The rest of the South Philly waterfront was less impressive. Consisting mainly of finger piers with warehouses that were built to service the old fashioned break-bulk freighter fleets, it resembled the Manhattan and Brooklyn waterfronts. Most of these piers saw little use by the 1970s when containerization had taken over the freight business. Oil was the big product in Philadelphia. The region was dotted with dozens of oil docks with tankers alongside them discharging their cargos. Still more tankers sat quietly at anchor in the river waiting for their time to unload. Philadelphia was clearly an oil port.
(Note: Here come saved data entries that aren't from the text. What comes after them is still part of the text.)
(* Let $E/\mathbb{Q}$ be given by the model $y^2=x^3+Ax+B$ ($A,B\in\mathbb{Z}$) described in the context and $X=\max\{|A|^3,|B|^2\}$. Let $0\le\delta\le1$. Let $P,Q\in E(\mathbb{Q})$ satisfy $X^{1/6}\le x(P)<x(Q)$ and $x(P)=x_1/s$, $x(Q)=x_2/s$ with $x_1,x_2\in\mathbb{Z}$, $s$ a positive integer, $\gcd(x_1,s)\le s^\delta$ and $\gcd(x_2,s)\le s^\delta$. Then $$h(P+Q)\le h(P)+2h(Q)+3\delta\,h(s)+2.9.$$
   Context: The model is obtained from a global minimal Weierstrass equation of $E$ by the substitution $x\mapsto \frac{1}{36}(x-3b_2)$, $y\mapsto \frac12(\frac{y}{108}-\frac{a_1}{36}(x-3b_2)-a_3)$. $h$ is the absolute logarithmic Weil height (so $h(s)=\log s$), and $h(P)=h(x(P))$. *)

theory Defs
  imports Complex_Main
begin

section \<open>Weierstrass equations  y^2 + a1 xy + a3 y = x^3 + a2 x^2 + a4 x + a6\<close>

definition wb2 :: "'a::comm_ring_1 \<Rightarrow> 'a \<Rightarrow> 'a \<Rightarrow> 'a \<Rightarrow> 'a \<Rightarrow> 'a" where
  "wb2 a1 a2 a3 a4 a6 = a1^2 + 4*a2"
definition wb4 :: "'a::comm_ring_1 \<Rightarrow> 'a \<Rightarrow> 'a \<Rightarrow> 'a \<Rightarrow> 'a \<Rightarrow> 'a" where
  "wb4 a1 a2 a3 a4 a6 = 2*a4 + a1*a3"
definition wb6 :: "'a::comm_ring_1 \<Rightarrow> 'a \<Rightarrow> 'a \<Rightarrow> 'a \<Rightarrow> 'a \<Rightarrow> 'a" where
  "wb6 a1 a2 a3 a4 a6 = a3^2 + 4*a6"
definition wb8 :: "'a::comm_ring_1 \<Rightarrow> 'a \<Rightarrow> 'a \<Rightarrow> 'a \<Rightarrow> 'a \<Rightarrow> 'a" where
  "wb8 a1 a2 a3 a4 a6 = a1^2*a6 + 4*a2*a6 - a1*a3*a4 + a2*a3^2 - a4^2"

definition wdisc :: "'a::comm_ring_1 \<Rightarrow> 'a \<Rightarrow> 'a \<Rightarrow> 'a \<Rightarrow> 'a \<Rightarrow> 'a" where
  "wdisc a1 a2 a3 a4 a6 =
     (let b2 = wb2 a1 a2 a3 a4 a6; b4 = wb4 a1 a2 a3 a4 a6;
          b6 = wb6 a1 a2 a3 a4 a6; b8 = wb8 a1 a2 a3 a4 a6
      in - (b2^2*b8) - 8*b4^3 - 27*b6^2 + 9*b2*b4*b6)"

definition wc4 :: "'a::comm_ring_1 \<Rightarrow> 'a \<Rightarrow> 'a \<Rightarrow> 'a \<Rightarrow> 'a \<Rightarrow> 'a" where
  "wc4 a1 a2 a3 a4 a6 = (wb2 a1 a2 a3 a4 a6)^2 - 24 * wb4 a1 a2 a3 a4 a6"
definition wc6 :: "'a::comm_ring_1 \<Rightarrow> 'a \<Rightarrow> 'a \<Rightarrow> 'a \<Rightarrow> 'a \<Rightarrow> 'a" where
  "wc6 a1 a2 a3 a4 a6 = - ((wb2 a1 a2 a3 a4 a6)^3)
      + 36 * wb2 a1 a2 a3 a4 a6 * wb4 a1 a2 a3 a4 a6 - 216 * wb6 a1 a2 a3 a4 a6"

text \<open>Coefficients of the model obtained by the change of variables
  x = u^2 x' + r, y = u^3 y' + u^2 s x' + t (Silverman, Table 3.1).\<close>
definition wtrans :: "rat \<Rightarrow> rat \<Rightarrow> rat \<Rightarrow> rat \<Rightarrow> rat \<Rightarrow> rat \<Rightarrow> rat \<Rightarrow> rat \<Rightarrow> rat
     \<Rightarrow> rat \<times> rat \<times> rat \<times> rat \<times> rat" where
  "wtrans u r s t a1 a2 a3 a4 a6 =
     ((a1 + 2*s) / u,
      (a2 - s*a1 + 3*r - s^2) / u^2,
      (a3 + r*a1 + 2*t) / u^3,
      (a4 - s*a3 + 2*r*a2 - (t + r*s)*a1 + 3*r^2 - 2*s*t) / u^4,
      (a6 + r*a4 + r^2*a2 + r^3 - t*a3 - t^2 - r*t*a1) / u^6)"

definition global_minimal :: "int \<Rightarrow> int \<Rightarrow> int \<Rightarrow> int \<Rightarrow> int \<Rightarrow> bool" where
  "global_minimal a1 a2 a3 a4 a6 \<longleftrightarrow>
     wdisc a1 a2 a3 a4 a6 \<noteq> 0 \<and>
     (\<forall>u r s t a1' a2' a3' a4' a6'. u \<noteq> 0 \<longrightarrow>
        wtrans u r s t (of_int a1) (of_int a2) (of_int a3) (of_int a4) (of_int a6)
          = (rat_of_int a1', rat_of_int a2', rat_of_int a3', rat_of_int a4', rat_of_int a6') \<longrightarrow>
        \<bar>wdisc a1 a2 a3 a4 a6\<bar> \<le> \<bar>wdisc a1' a2' a3' a4' a6'\<bar>)"

definition on_curve :: "int \<Rightarrow> int \<Rightarrow> rat \<times> rat \<Rightarrow> bool" where
  "on_curve A B P \<longleftrightarrow> (snd P)^2 = (fst P)^3 + of_int A * fst P + of_int B"

text \<open>Sum of two affine points with distinct x-coordinates (chord construction);
  the result is again an affine point.\<close>
definition chord_add :: "rat \<times> rat \<Rightarrow> rat \<times> rat \<Rightarrow> rat \<times> rat" where
  "chord_add P Q =
     (let l = (snd Q - snd P) / (fst Q - fst P);
          x3 = l^2 - fst P - fst Q
      in (x3, l * (fst P - x3) - snd P))"

definition hgt :: "rat \<Rightarrow> real" where
  "hgt q = (let (a, b) = quotient_of q in ln (real_of_int (max \<bar>a\<bar> b)))"

definition hpt :: "rat \<times> rat \<Rightarrow> real" where
  "hpt P = hgt (fst P)"

end

theory Submission
  imports Defs
begin

(* Write x(P) = x1/s and x(Q) = x2/s.  The discriminant is nonzero, so X >= 1, and
   x(P) >= X^(1/6) gives s <= x1 < x2, |A| s^2 <= x1^2 and |B| s^3 <= x1^3.  Since
   s^3 y(P)^2 and s^3 y(Q)^2 are integers, so is m = s^3 y(P) y(Q), and the chord
   formula gives x(P+Q) = N/D with N = (x1 x2 + A s^2)(x1 + x2) + 2 B s^3 - 2m and
   D = s (x2 - x1)^2, both of absolute value at most 12 x1 x2^2.  Hence
   h(P+Q) <= log 12 + log x1 + 2 log x2, while log xi <= h(xi/s) + log gcd(xi, s)
   <= h(xi/s) + delta log s. *)

lemma hgt_of_int_div:
  fixes x s :: int
  assumes "s > 0"
  shows "hgt (of_int x / of_int s) = ln (real_of_int (max \<bar>x\<bar> s)) - ln (real_of_int (gcd x s))"
proof -
  define g where "g = gcd x s"
  have "g > 0" "g dvd x" "g dvd s" using assms by (simp_all add: g_def)
  have "quotient_of (of_int x / of_int s) = (x div g, s div g)"
    using assms
    by (simp add: Fract_of_int_quotient [symmetric] quotient_of_Fract normalize_def Let_def g_def)
  moreover have "real_of_int (max \<bar>x div g\<bar> (s div g)) = real_of_int (max \<bar>x\<bar> s) / real_of_int g"
  proof -
    have "real_of_int (\<bar>x\<bar> div g) = \<bar>x\<bar> / g" "real_of_int (s div g) = s / g"
      using \<open>g dvd x\<close> \<open>g dvd s\<close> by (simp_all add: real_of_int_div)
    then show ?thesis
      using \<open>g > 0\<close> \<open>g dvd x\<close> by (simp add: abs_div of_int_max max_divide_distrib_right)
  qed
  moreover have "max \<bar>x\<bar> s > 0" using assms by simp
  ultimately show ?thesis
    using \<open>g > 0\<close> by (simp add: hgt_def ln_div g_def)
qed

lemma hgt_of_int_div_le:
  fixes N D :: int
  assumes "0 < D"
  shows "hgt (of_int N / of_int D) \<le> ln (real_of_int (max \<bar>N\<bar> D))"
proof -
  have "1 \<le> gcd N D" using assms by (simp add: int_one_le_iff_zero_less)
  then show ?thesis using hgt_of_int_div[OF assms, of N] by simp
qed

lemma ln_le_hgt_of_int_div:
  fixes x s :: int
  assumes "0 < s" "s \<le> x" "real_of_int (gcd x s) \<le> real_of_int s powr \<delta>"
  shows "ln (real_of_int x) \<le> hgt (of_int x / of_int s) + \<delta> * ln (real_of_int s)"
proof -
  have "ln (real_of_int (gcd x s)) \<le> ln (real_of_int s powr \<delta>)"
    using assms(1,3) by (intro ln_mono) simp_all
  also have "\<dots> = \<delta> * ln (real_of_int s)" using assms(1) by (simp add: ln_powr)
  finally show ?thesis using hgt_of_int_div[OF assms(1), of x] assms(1,2) by simp
qed

lemma rat_power_eq_of_int_imp_Ints:
  fixes q :: rat and k :: int
  assumes "q ^ n = of_int k" "n > 0"
  shows "q \<in> \<int>"
proof -
  obtain a b where qb: "quotient_of q = (a, b)" by fastforce
  have "b > 0" "coprime a b" "q = of_int a / of_int b"
    using quotient_of_denom_pos[OF qb] quotient_of_coprime[OF qb] quotient_of_div[OF qb] by simp_all
  then have "rat_of_int (a ^ n) = rat_of_int (k * b ^ n)"
    using assms(1) \<open>b > 0\<close> by (simp add: power_divide divide_eq_eq)
  then have "a ^ n = k * b ^ n" by (simp only: of_int_eq_iff)
  then have "b ^ n dvd a ^ n" by simp
  moreover have "coprime (b ^ n) (a ^ n)" using \<open>coprime a b\<close> by (simp add: coprime_commute)
  ultimately have "is_unit (b ^ n)" using coprime_common_divisor dvd_refl by blast
  moreover have "b dvd b ^ n" using assms(2) by simp
  ultimately have "b dvd 1" by (rule dvd_trans[rotated])
  from zdvd_imp_le[OF this] have "b = 1" using \<open>b > 0\<close> by simp
  then show ?thesis using \<open>q = of_int a / of_int b\<close> by simp
qed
At this point there remained little painting and cleaning left to do aboard the Interstate 50. I had finished painting the main deck, the cargo pipes, the anchor gear, the pump rooms, the house top, etc. I had thoroughly cleaned out the paint locker and the store room. I had a couple of small jobs to finish. Otherwise, I was running out of work.

While I was thus winding down, the Interstate 50 was towed away from Pier 124 at 8:00am on Saturday the 26th. An hour and a half later, she was moored at Point Breeze to unload. At 10:30 on Sunday morning, she was taken away from Point Breeze and brought alongside an anchored ship near Marcus Hook. She spent the day lightering this vessel and at 8:30 that evening departed for Delair, arriving at 12:30am on Monday the 28th. She remained there pumping oil ashore and then waiting for a tug until 10:30pm. I spent the day finishing up my work and putting things away.

At 12:30am on Tuesday the 29th, the Interstate 50 arrived at a refinery in Paulsboro, New Jersey, across the Delaware River from the Philadelphia Airport. This spot was mistakenly identified to us as Eagle Point, but the real Eagle Point actually lies about five or so miles upstream, opposite the old Philadelphia Navy Yard. Anyway, the Interstate 50 took on oil there until 1:00pm, when she was towed downstream to Marcus Hook. I decided to return home from there, since it was convenient to public transportation and I had finished my work aboard the barge.

At 3:00pm the Interstate 50 was moored once again at the Sunoco refinery. I packed my gear, bade my shipmates farewell, walked to the gate, and hitched a ride with some refinery workers to the Marcus Hook railroad station. I took a local train to 30th Street Station in Philadelphia, then Amtrak’s Bankers to New York, and finally a Long Island train home. My parents, themselves having returned from vacation, met their wayfaring son once again at the Mineola station.

And so my summer employment with the Interstate and Ocean Transport Company drew to a close. It had been a good experience and I had certainly enjoyed it, but it was not what I wanted for my future. Operating tugs and barges required a Merchant Marine license, but not the “big license” for which I was studying. Vagabonding along the American East Coast appealed to the nomadic inclination of my youth, but traipsing across the oceans to different continents remained much more attractive. These far-off places held, in Gatsby terms, the “wild promise of all the mystery and the beauty in the world.”1 That was the future I saw—transatlantic, transpacific, Europe, Africa, Asia, the Panama Canal, the Caribbean, the Mediterranean!

I had big ambitions, and I wanted to fulfill them.

1 F. Scott Fitzgerald, The Great Gatsby, New York: Charles Scribner’s Sons, 1925, p. 63.